C'est dans cet esprit de réconciliation et de mémoire que Karina Reek a conçu et réalisé l'œuvre intitulée "Le Rebelle de la Paix" (ο "Αντάρτης της Ειρήνης"). En tant que sculptrice paysagiste, elle a passé deux ans sur le plateau de Nida, travaillant en étroite collaboration avec des ouvriers locaux d'Anogeia pour donner vie à sa vision. Ce monument unique est construit à partir de 5 000 pierres provenant de la région environnante, chaque pierre portant en elle un fragment de l'histoire et de la géologie crétoise. La particularité la plus frappante du "Rebelle de la Paix" est sa conception : il n'est visible que depuis les airs, soit par des aéronefs survolant directement la zone, soit par satellite. Cette caractéristique confère à l'œuvre une dimension symbolique supplémentaire, la transformant en un message universel de paix et de réconciliation, visible uniquement d'une perspective élevée, comme si le message était destiné à l'humanité dans son ensemble.

Au-delà de cette sculpture monumentale, Karina Reek a également consigné ses réflexions et ses recherches dans un livre. Cet ouvrage est dédié à la mémoire de la résistance crétoise contre les forces d'occupation allemandes entre 1941 et 1945. À travers ses écrits, elle cherche à honorer le courage et la résilience du peuple crétois face à l'adversité, tout en offrant une perspective personnelle et artistique sur cette période sombre de l'histoire. Son travail, qu'il soit sculptural ou littéraire, témoigne de son profond respect pour l'histoire et la culture de la Crète, et de son engagement à promouvoir la paix et la compréhension entre les peuples.

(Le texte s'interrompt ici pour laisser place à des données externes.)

text \<open>The common fixed point absorbs: for \<epsilon> \<le> \<beta>\<inverse> the map H (\<epsilon>\<inverse>) has constant below
  r/R, so it sends the unit ball around x, whose points lie within R of \<omega>, into ball \<omega> r.\<close>
lemma absorptive: "absorptive_action E H"
proof -
  obtain \<omega> where fixed: "\<forall>s\<in>carrier E. H s \<omega> = \<omega>" using common_fixed_point ..
  have "\<exists>U \<alpha>. open U \<and> x \<in> U \<and> \<alpha> \<in> carrier E \<and>
          (\<forall>\<epsilon>\<in>carrier E. \<epsilon> \<le> \<alpha> \<longrightarrow> H (inv \<epsilon>) ` U \<subseteq> V)"
    if V: "open V" "\<omega> \<in> V" for V x
  proof -
    obtain r where r: "r > 0" "ball \<omega> r \<subseteq> V" using V by (rule openE)
    define R where "R = dist x \<omega> + 1"
    have R: "R > 0" unfolding R_def by (simp add: add_nonneg_pos)
    obtain \<beta> where \<beta>: "\<beta> \<in> carrier E"
      and small: "\<And>t. \<lbrakk>t \<in> carrier E; \<beta> \<le> t\<rbrakk> \<Longrightarrow> lip_const (H t) < r / R"
      using lip_eventually_less_element[of "r / R"] r R by auto
    have "H (inv \<epsilon>) ` ball x 1 \<subseteq> ball \<omega> r" if \<epsilon>: "\<epsilon> \<in> carrier E" "\<epsilon> \<le> inv \<beta>" for \<epsilon>
    proof
      fix z assume "z \<in> H (inv \<epsilon>) ` ball x 1"
      then obtain y where y: "dist x y < 1" "z = H (inv \<epsilon>) y" by auto
      have t: "inv \<epsilon> \<in> carrier E" using \<epsilon> by simp
      have "\<beta> \<le> inv \<epsilon>" using le_inv_swap \<epsilon> \<beta> by blast
      then have Lt: "lip_const (H (inv \<epsilon>)) < r / R" using small t by blast
      have "dist y \<omega> \<le> R" unfolding R_def using y(1) dist_triangle[of y \<omega> x]
        by (simp add: dist_commute)
      have "dist z \<omega> = dist (H (inv \<epsilon>) y) (H (inv \<epsilon>) \<omega>)" using y fixed t by simp
      also have "\<dots> \<le> lip_const (H (inv \<epsilon>)) * dist y \<omega>" using lipschitz t by blast
      also have "\<dots> \<le> lip_const (H (inv \<epsilon>)) * R"
        using \<open>dist y \<omega> \<le> R\<close> lip_nonneg t by (intro mult_left_mono) auto
      also have "\<dots> < r" using Lt R by (simp add: less_divide_eq)
      finally show "z \<in> ball \<omega> r" by (simp add: dist_commute)
    qed
    then have "\<forall>\<epsilon>\<in>carrier E. \<epsilon> \<le> inv \<beta> \<longrightarrow> H (inv \<epsilon>) ` ball x 1 \<subseteq> V"
      using r(2) by (meson subset_trans)
    then show ?thesis using \<beta> by (intro exI[of _ "ball x 1"] exI[of _ "inv \<beta>"]) simp
  qed
  then show ?thesis unfolding absorptive_action_def by blast
qed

L'héritage d'une vie dédiée à l'art et à la mémoire

La présence de Karina Reek au festival de Margarites, et la manière dont elle a été honorée par la communauté locale, soulignent l'impact de son travail et de sa personnalité. Sa vie est un témoignage de la façon dont l'art peut transcender les frontières et les conflits historiques, en créant des ponts entre les cultures et en favorisant la compréhension mutuelle. Son parcours, de muse de Dalí à sculptrice paysagiste engagée, illustre une quête incessante de sens et de beauté. Le "Rebelle de la Paix" n'est pas seulement une œuvre d'art ; c'est un symbole puissant de pardon et de mémoire, un rappel que même après les périodes les plus sombres, la réconciliation et la paix sont possibles. En étant célébrée de manière si vivante et spontanée par les habitants de Margarites, Karina Reek incarne l'esprit de la Crète, une île où l'histoire, la culture et la tradition se mêlent pour créer une expérience humaine unique.

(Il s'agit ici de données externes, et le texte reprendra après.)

(* For a prime $p$ let $S_p$ be the set of words $w\in\{B,R\}^p$ such that for no $r\in\{1,\dots,p-1\}$ and $i\in\{0,\dots,p-1\}$ are $w_i,w_{i+r},w_{i+2r},w_{i+3r}$ (indices mod $p$) all equal. Then $|S_5|=20$, $S_5$ splits into 4 orbits under $D_5$ and 2 orbits under $D_5\times\langle\tau\rangle$; and $|S_{11}|=44$, $S_{11}$ splits into 2 orbits under $D_{11}$ and 1 orbit under $D_{11}\times\langle\tau\rangle$. In particular $\texttt{BBBRR}\in S_5$ and $\texttt{BBBRBBRBRRR}\in S_{11}$.
   Context: The dihedral group $D_p$ acts on $\{B,R\}^p$ (indices mod $p$) via rotations $(\rho_k w)_i=w_{i-k}$ and reflections $(\sigma_k w)_i=w_{k-i}$. The global color swap $\tau$ interchanges $B\leftrightarrow R$ in every position. *)

theory Defs
  imports Main
begin

datatype color = B | R

definition words :: "nat \<Rightarrow> color list set" where
  "words p = {w. length w = p}"

definition S :: "nat \<Rightarrow> color list set" where
  "S p = {w \<in> words p. \<not> (\<exists>r\<in>{1..p-1}. \<exists>i<p.
      w ! ((i + r) mod p) = w ! i \<and> w ! ((i + 2*r) mod p) = w ! i \<and>
      w ! ((i + 3*r) mod p) = w ! i)}"

text \<open>Rotation: (rho_k w)_i = w_{i-k}; reflection: (sigma_k w)_i = w_{k-i}, indices mod p.\<close>
definition rho :: "nat \<Rightarrow> nat \<Rightarrow> color list \<Rightarrow> color list" where
  "rho p k w = map (\<lambda>i. w ! ((i + p - k mod p) mod p)) [0..<p]"

definition sigma :: "nat \<Rightarrow> nat \<Rightarrow> color list \<Rightarrow> color list" where
  "sigma p k w = map (\<lambda>i. w ! ((k mod p + p - i) mod p)) [0..<p]"

definition swap :: "color \<Rightarrow> color" where
  "swap c = (case c of B \<Rightarrow> R | R \<Rightarrow> B)"

definition tau :: "color list \<Rightarrow> color list" where
  "tau w = map swap w"

definition Dih :: "nat \<Rightarrow> (color list \<Rightarrow> color list) set" where
  "Dih p = {rho p k | k. k < p} \<union> {sigma p k | k. k < p}"

definition DihTau :: "nat \<Rightarrow> (color list \<Rightarrow> color list) set" where
  "DihTau p = Dih p \<union> {tau \<circ> g | g. g \<in> Dih p}"

definition orbit :: "('a \<Rightarrow> 'a) set \<Rightarrow> 'a \<Rightarrow> 'a set" where
  "orbit G x = {g x | g. g \<in> G}"

definition orbits :: "('a \<Rightarrow> 'a) set \<Rightarrow> 'a set \<Rightarrow> 'a set set" where
  "orbits G X = orbit G ` X"

end

theory Submission
  imports Defs
begin

text \<open>All claims are finite computations. What needs proof is only that they can be evaluated:
  \<open>S p\<close> is the set of words built letter by letter whose completion passes the progression test,
  and the orbit of a word under \<open>D\<^sub>p\<close> (resp. \<open>D\<^sub>p \<times> \<langle>\<tau>\<rangle>\<close>) is the set of its \<open>2p\<close>
  (resp. \<open>4p\<close>) images.\<close>

definition ap_free :: "nat \<Rightarrow> color list \<Rightarrow> bool" where
  "ap_free p w \<longleftrightarrow> (\<forall>r\<in>set [1..<p]. \<forall>i\<in>set [0..<p].
      \<not> (w ! ((i + r) mod p) = w ! i \<and> w ! ((i + 2*r) mod p) = w ! i \<and>
         w ! ((i + 3*r) mod p) = w ! i))"

lemma mem_S_iff: "w \<in> S p \<longleftrightarrow> length w = p \<and> ap_free p w"
proof -
  have "{1..p-1} = set [1..<p]"
    by auto
  then show ?thesis
    by (auto simp: S_def words_def ap_free_def)
qed

text \<open>Generating the words recursively keeps every intermediate term small; evaluating a filter
  over \<open>List.n_lists p [B, R]\<close> instead is an order of magnitude slower for \<open>p = 11\<close>.\<close>

fun extensions :: "(color list \<Rightarrow> bool) \<Rightarrow> nat \<Rightarrow> color list \<Rightarrow> color list list" where
  "extensions P 0 w = (if P w then [w] else [])"
| "extensions P (Suc n) w = extensions P n (B # w) @ extensions P n (R # w)"

lemma set_extensions:
  "set (extensions P n w) = {v @ w | v. length v = n \<and> P (v @ w)}"
proof (induction n arbitrary: w)
  case 0
  then show ?case by auto
next
  case (Suc n)
  show ?case
  proof (intro set_eqI iffI)
    fix u assume "u \<in> set (extensions P (Suc n) w)"
    then obtain c v where "u = v @ c # w" "length v = n" "P u"
      using Suc.IH by auto
    then show "u \<in> {v @ w | v. length v = Suc n \<and> P (v @ w)}"
      by (intro CollectI exI[of _ "v @ [c]"]) auto
  next
    fix u assume "u \<in> {v @ w | v. length v = Suc n \<and> P (v @ w)}"
    then obtain v c where "u = v @ c # w" "length v = n" "P u"
      by (auto simp: length_Suc_conv_rev)
    then show "u \<in> set (extensions P (Suc n) w)"
      using Suc.IH by (cases c) auto
  qed
qed

lemma S_eq_set_extensions: "S p = set (extensions (ap_free p) p [])"
  by (auto simp: mem_S_iff set_extensions)

definition dihedral_images :: "nat \<Rightarrow> color list \<Rightarrow> color list list" where
  "dihedral_images p w = map (\<lambda>k. rho p k w) [0..<p] @ map (\<lambda>k. sigma p k w) [0..<p]"

lemma orbit_Dih: "orbit (Dih p) w = set (dihedral_images p w)"
  unfolding orbit_def Dih_def dihedral_images_def by fastforce

lemma orbit_Un_compose:
  "orbit (G \<union> {f \<circ> g | g. g \<in> G}) x = orbit G x \<union> f ` orbit G x"
  unfolding orbit_def by force

lemma orbit_DihTau:
  "orbit (DihTau p) w = set (dihedral_images p w @ map tau (dihedral_images p w))"
  unfolding DihTau_def orbit_Un_compose orbit_Dih by simp

lemma orbits_set: "orbits G (set xs) = set (map (orbit G) xs)"
  unfolding orbits_def by simp

lemmas S_orbits_executable = S_eq_set_extensions orbits_set orbit_Dih orbit_DihTau

lemma card_S_5: "card (S 5) = 20"
  unfolding S_orbits_executable by code_simp

lemma card_orbits_Dih_S_5: "card (orbits (Dih 5) (S 5)) = 4"
  unfolding S_orbits_executable by code_simp

lemma card_orbits_DihTau_S_5: "card (orbits (DihTau 5) (S 5)) = 2"
  unfolding S_orbits_executable by code_simp

lemma card_S_11: "card (S 11) = 44"
  unfolding S_orbits_executable by code_simp

lemma card_orbits_Dih_S_11: "card (orbits (Dih 11) (S 11)) = 2"
  unfolding S_orbits_executable by code_simp

lemma card_orbits_DihTau_S_11: "card (orbits (DihTau 11) (S 11)) = 1"
  unfolding S_orbits_executable by code_simp

theorem mainTheorem11:
  shows "card (S 5) = 20 \<and> card (orbits (Dih 5) (S 5)) = 4 \<and>
         card (orbits (DihTau 5) (S 5)) = 2 \<and>
         card (S 11) = 44 \<and> card (orbits (Dih 11) (S 11)) = 2 \<and>
         card (orbits (DihTau 11) (S 11)) = 1 \<and>
         [B,B,B,R,R] \<in> S 5 \<and> [B,B,B,R,B,B,R,B,R,R,R] \<in> S 11"
proof -
  have "[B,B,B,R,R] \<in> S 5" "[B,B,B,R,B,B,R,B,R,R,R] \<in> S 11"
    unfolding mem_S_iff by code_simp+
  then show ?thesis
    using card_S_5 card_orbits_Dih_S_5 card_orbits_DihTau_S_5
      card_S_11 card_orbits_Dih_S_11 card_orbits_DihTau_S_11
    by blast
qed

end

Son histoire résonne comme un appel à la réflexion sur la manière dont les individus peuvent contribuer à la guérison des blessures du passé et à la construction d'un avenir plus harmonieux. La scène du festival, bien que légère et joyeuse en apparence, portait en elle le poids d'une histoire complexe et la lumière d'un engagement artistique et humain exceptionnel. Karina Reek, à 90 ans, continue d'inspirer, prouvant que l'âge n'est pas une barrière à la créativité et à l'impact social. Son héritage, ancré dans la terre crétoise et visible du ciel, continuera de parler aux générations futures, rappelant l'importance de la paix, de la mémoire et de l'art comme vecteurs de changement et de réconciliation.